[Source data]
definition cc_dom :: "('l, 'r) ccmor \<Rightarrow> 'l list" where "cc_dom F = fst F"
definition cc_cod :: "('l, 'r) ccmor \<Rightarrow> 'l list" where "cc_cod F = fst (snd F)"

text \<open>Composite of F : Y -> X followed by G : X -> Z.\<close>
definition cc_comp ::
  "(nat \<Rightarrow> nat \<Rightarrow> (nat \<Rightarrow> 'r) \<Rightarrow> 'r \<Rightarrow> 'r) \<Rightarrow> ('l, 'r) ccmor \<Rightarrow> ('l, 'r) ccmor \<Rightarrow> ('l, 'r) ccmor"
where
  "cc_comp bind F G = (case F of (Y, X, f) \<Rightarrow> case G of (_, Z, g) \<Rightarrow>
     (Y, Z, map (bind (length X) (length Y) (lfun f)) g))"

definition cc_id :: "(nat \<Rightarrow> nat \<Rightarrow> 'r) \<Rightarrow> 'l list \<Rightarrow> ('l, 'r) ccmor" where
  "cc_id eta X = (X, X, map (eta (length X)) [1..<length X + 1])"

definition cc_ft :: "'l list \<Rightarrow> 'l list" where "cc_ft X = butlast X"

definition cc_p :: "(nat \<Rightarrow> nat \<Rightarrow> 'r) \<Rightarrow> 'l list \<Rightarrow> ('l, 'r) ccmor" where
  "cc_p eta X = (X, butlast X, map (eta (length X)) [1..<length X])"

definition cc_pb ::
  "(nat \<Rightarrow> nat \<Rightarrow> (nat \<Rightarrow> 'r) \<Rightarrow> 'l \<Rightarrow> 'l) \<Rightarrow> ('l, 'r) ccmor \<Rightarrow> 'l list \<Rightarrow> 'l list"
where
  "cc_pb rho F X = (case F of (Y, _, f) \<Rightarrow>
     Y @ [rho (length X - 1) (length Y) (lfun f) (last X)])"

text \<open>q(f,X) = (f_1,...,f_n,m+1) : f^*X -> X, the f_i in R([m]) being regarded in
  R([m+1]) along the inclusion [m] \<subseteq> [m+1] (i.e. via R applied to it).\<close>
definition cc_q ::
  "(nat \<Rightarrow> nat \<Rightarrow> 'r) \<Rightarrow> (nat \<Rightarrow> nat \<Rightarrow> (nat \<Rightarrow> 'r) \<Rightarrow> 'r \<Rightarrow> 'r) \<Rightarrow> (nat \<Rightarrow> nat \<Rightarrow> (nat \<Rightarrow> 'r) \<Rightarrow> 'l \<Rightarrow> 'l)
   \<Rightarrow> ('l, 'r) ccmor \<Rightarrow> 'l list \<Rightarrow> ('l, 'r) ccmor"
where
  "cc_q eta bind rho F X = (case F of (Y, _, f) \<Rightarrow>
     (cc_pb rho F X, X,
      map (bind (length Y) (length Y + 1) (eta (length Y + 1))) f @ [eta (length Y + 1) (length Y + 1)]))"
lemma branch_below_self: "br \<alpha> \<subseteq> below \<alpha>"
  using branch_below[of \<alpha> "[]"] by simp

lemma link_edge_below: "link_edge \<alpha> t \<subseteq> below \<alpha>"
  using link_spec(1,2) branch_below_self[of \<alpha>] branch_below[of \<alpha> "[t]"]
  unfolding link_edge_def by blast

lemma below_children_disjoint:
  assumes "t \<noteq> t'"
  shows "below (\<alpha> @ [t]) \<inter> below (\<alpha> @ [t']) = {}"
proof -
  have "br (\<alpha> @ t # r) \<inter> br (\<alpha> @ t' # r') = {}" for r r'
    using assms by (intro branch_disjoint) simp
  then show ?thesis
    unfolding below_def by auto
qed

lemma branch_below_child_disjoint: "br \<alpha> \<inter> below (\<alpha> @ [t]) = {}"
proof -
  have "br \<alpha> \<inter> br (\<alpha> @ t # r) = {}" for r
    by (intro branch_disjoint) simp
  then show ?thesis
    unfolding below_def by auto
qed

lemma reach_in_branch:
  assumes "x \<in> br \<alpha>" "y \<in> br \<alpha>" "\<forall>d\<in>D. \<not> d \<subseteq> br \<alpha>"
  shows "reach (E - D) x y"
proof -
  have "reach_within E (br \<alpha>) x y"
    using branch_connected assms(1,2) unfolding connected_set_def by blast
  then show ?thesis
    using assms(3) by (rule reach_within_reach)
qed

text \<open>The invariant kept by the cat while it sits in the branch set of \<alpha>.\<close>
definition intact :: "'a set set \<Rightarrow> dir list \<Rightarrow> bool" where
  "intact D \<alpha> \<longleftrightarrow> (\<forall>d\<in>D. \<not> d \<subseteq> below \<alpha>)"

definition next_dir :: "dir list \<Rightarrow> 'a set \<Rightarrow> dir" where
  "next_dir \<alpha> e = (if e \<subseteq> below (\<alpha> @ [L]) \<or> e = link_edge \<alpha> L then R else L)"

lemma intact_next_dir:
  assumes "intact D \<alpha>" "e \<in> E"
  shows "intact (insert e D) (\<alpha> @ [next_dir \<alpha> e])"
proof -
  have "e \<noteq> {}"
    using assms(2) simple unfolding simple_graph_def by blast
  moreover have "snd (link \<alpha> L) \<notin> below (\<alpha> @ [R])"
    using link_spec(2) branch_below_self[of "\<alpha> @ [L]"] below_children_disjoint[of L R \<alpha>] by auto
  ultimately have "\<not> e \<subseteq> below (\<alpha> @ [next_dir \<alpha> e])"
    using below_children_disjoint[of L R \<alpha>] unfolding next_dir_def link_edge_def by auto
  with assms(1) below_child show ?thesis
    unfolding intact_def by blast
qed

lemma reach_home_child:
  assumes "intact (insert e D) (\<alpha> @ [t])" "link_edge \<alpha> t \<notin> insert e D"
    and "reach (E - insert e D) (home \<alpha>) (fst (link \<alpha> t))"
  shows "reach (E - insert e D) (home \<alpha>) (home (\<alpha> @ [t]))"
proof -
  have "\<forall>d\<in>insert e D. \<not> d \<subseteq> br (\<alpha> @ [t])"
    using assms(1) branch_below_self[of "\<alpha> @ [t]"] unfolding intact_def by blast
  then have "reach (E - insert e D) (snd (link \<alpha> t)) (home (\<alpha> @ [t]))"
    using link_spec(2) home_in_branch by (rule reach_in_branch[rotated 2])
  moreover have "{fst (link \<alpha> t), snd (link \<alpha> t)} \<in> E - insert e D"
    using assms(2) link_spec(3) unfolding link_edge_def by simp
  ultimately show ?thesis
    using assms(3) by (meson reach_edge reach_trans)
qed
(* Let $\mathbf V$ be a monoid variety and let $\mathcal F$ be a logic corresponding to $\mathbf V$. Let $f$ be a partial function $\Sigma^\ast\to\Sigma^\ast$ definable by a complete $\mathbf V$-bimachine. Then $f$ is definable by an $\mathcal F$-translation.
   Context: Bimachines: a bimachine is a tuple $B=(L,R,\omega,\lambda,\rho)$ where $L$ is a deterministic left automaton over $\Sigma$ with initial state $l_0$, $R$ is a deterministic right automaton (reading right to left) with initial state $r_0$, $\omega:L\times\Sigma\times R\to\Sigma^\ast$ is a partial output function and $\rho:L\to\Sigma^\ast$, $\lambda:R\to\Sigma^\ast$ are partial. For $u=\sigma_1\cdots\sigma_n$ with runs $l_0\xrightarrow{\sigma_1}l_1\cdots\xrightarrow{\sigma_n}l_n$ of $L$ and $r_n\xleftarrow{\sigma_1}r_{n-1}\cdots r_1\xleftarrow{\sigma_n}r_0$ of $R$, $[\![B]\!](u)=\lambda(r_n)\,\omega(l_0,\sigma_1,r_{n-1})\cdots\omega(l_{i-1},\sigma_i,r_{n-i})\cdots\omega(l_{n-1},\sigma_n,r_0)\,\rho(l_n)$ when all these are defined. $B$ is complete if $\omega$ is total. The transition congruence of an automaton $A$ with state set $Q$ is $u\equiv_A v$ iff for all $p,q\in Q$, ($A$ has a run from $p$ to $q$ on $u$) $\Leftrightarrow$ (it has one on $v$); the transition monoid is $\Sigma^\ast/\equiv_A$; $A$ is a $\mathbf V$-automaton if its transition monoid is in $\mathbf V$. $B$ is a $\mathbf V$-bimachine if $L$ and $R$ are $\mathbf V$-automata. A language is a $\mathbf V$-language if it is recognized by some $\mathbf V$-automaton. Logics: $\mathcal F$ is a fragment of monadic second-order logic over words (signature $<$ and unary letter predicates); a language is an $\mathcal F$-language if it is the set of words satisfying some closed $\mathcal F$-formula; $\mathcal F$ corresponds to $\mathbf V$ if the $\mathcal F$-languages are exactly the $\mathbf V$-languages. Translations: an $\mathcal F$-translation is a tuple $\mathcal T=(k,S,(\varphi^<_{j,\sigma,v},\varphi^>_{j,\sigma,v})_{1\le j\le k,\sigma\in\Sigma,v\in S},(\varphi^i_v)_{v\in S},(\varphi^t_v)_{v\in S})$ with $k>0$, $S\subset\Sigma^\ast$ finite, and all $\varphi$ closed $\mathcal F$-formulas. $(u,w)\in[\![\mathcal T]\!]$ iff for $u=\sigma_1\cdots\sigma_n$ there is a decomposition $w=w_0w_1\cdots w_nw_{n+1}$ with all $w_i\in S$ such that for each $1\le i\le n$ there is $j\le k$ with $\sigma_1\cdots\sigma_{i-1}\models\varphi^<_{j,\sigma_i,w_i}$ and $\sigma_{i+1}\cdots\sigma_n\models\varphi^>_{j,\sigma_i,w_i}$, and $u\models\varphi^i_{w_0}$, $u\models\varphi^t_{w_{n+1}}$. It is required to be exhaustive: for all $\sigma\in\Sigma$, $u,w\in\Sigma^\ast$ there are $j\le k$, $v\in S$ with $u\models\varphi^<_{j,\sigma,v}$ and $w\models\varphi^>_{j,\sigma,v}$; and functional: for $v_1\ne v_2$ in $S$ and any $j,j',\sigma$, either $\varphi^<_{j,\sigma,v_1}\wedge\varphi^<_{j',\sigma,v_2}$ or $\varphi^>_{j,\sigma,v_1}\wedge\varphi^>_{j',\sigma,v_2}$ is unsatisfiable, and $\varphi^i_{v_1}\wedge\varphi^i_{v_2}$, $\varphi^t_{v_1}\wedge\varphi^t_{v_2}$ are unsatisfiable. A function is definable by $\mathcal T$ if it equals $[\![\mathcal T]\!]$. *)

theory Defs
  imports "HOL-Algebra.Group"
begin

definition mon_hom :: "'a monoid \<Rightarrow> 'b monoid \<Rightarrow> ('a \<Rightarrow> 'b) set" where
  "mon_hom M N = {h. h \<in> carrier M \<rightarrow> carrier N \<and>
     (\<forall>x\<in>carrier M. \<forall>y\<in>carrier M. h (x \<otimes>\<^bsub>M\<^esub> y) = h x \<otimes>\<^bsub>N\<^esub> h y) \<and>
     h \<one>\<^bsub>M\<^esub> = \<one>\<^bsub>N\<^esub>}"

definition mon_iso :: "'a monoid \<Rightarrow> 'b monoid \<Rightarrow> bool" where
  "mon_iso M N \<longleftrightarrow> (\<exists>h\<in>mon_hom M N. bij_betw h (carrier M) (carrier N))"

definition fin_monoid :: "'a monoid \<Rightarrow> bool" where
  "fin_monoid M \<longleftrightarrow> monoid M \<and> finite (carrier M)"

definition prodM :: "'a monoid \<Rightarrow> 'b monoid \<Rightarrow> ('a \<times> 'b) monoid" where
  "prodM M N = \<lparr>carrier = carrier M \<times> carrier N,
     mult = (\<lambda>(x1,y1) (x2,y2). (x1 \<otimes>\<^bsub>M\<^esub> x2, y1 \<otimes>\<^bsub>N\<^esub> y2)),
     one = (\<one>\<^bsub>M\<^esub>, \<one>\<^bsub>N\<^esub>)\<rparr>"

text \<open>A monoid variety (pseudovariety): a class of finite monoids closed under
  submonoids, quotients (surjective images, hence isomorphic copies) and finite direct
  products (including the empty product, the trivial monoid).  Since every finite
  monoid is isomorphic to one carried by a subset of nat, the class is represented by
  its members carried by nat.\<close>

definition monoid_variety :: "nat monoid set \<Rightarrow> bool" where
  "monoid_variety V \<longleftrightarrow>
     (\<forall>M\<in>V. fin_monoid M) \<and>
     (\<exists>M\<in>V. card (carrier M) = 1) \<and>
     (\<forall>M\<in>V. \<forall>S. S \<subseteq> carrier M \<and> \<one>\<^bsub>M\<^esub> \<in> S \<and> (\<forall>x\<in>S. \<forall>y\<in>S. x \<otimes>\<^bsub>M\<^esub> y \<in> S)
                \<longrightarrow> M\<lparr>carrier := S\<rparr> \<in> V) \<and>
     (\<forall>M\<in>V. \<forall>N :: nat monoid. monoid N \<and> (\<exists>h\<in>mon_hom M N. h ` carrier M = carrier N)
                \<longrightarrow> N \<in> V) \<and>
     (\<forall>M\<in>V. \<forall>N\<in>V. \<exists>P\<in>V. mon_iso P (prodM M N))"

TASK GOAL: Only the lines of the data holding the string "butlast" are wanted; copy each of them.

EXERCISE RESULT:
definition cc_ft :: "'l list \<Rightarrow> 'l list" where "cc_ft X = butlast X"
  "cc_p eta X = (X, butlast X, map (eta (length X)) [1..<length X])"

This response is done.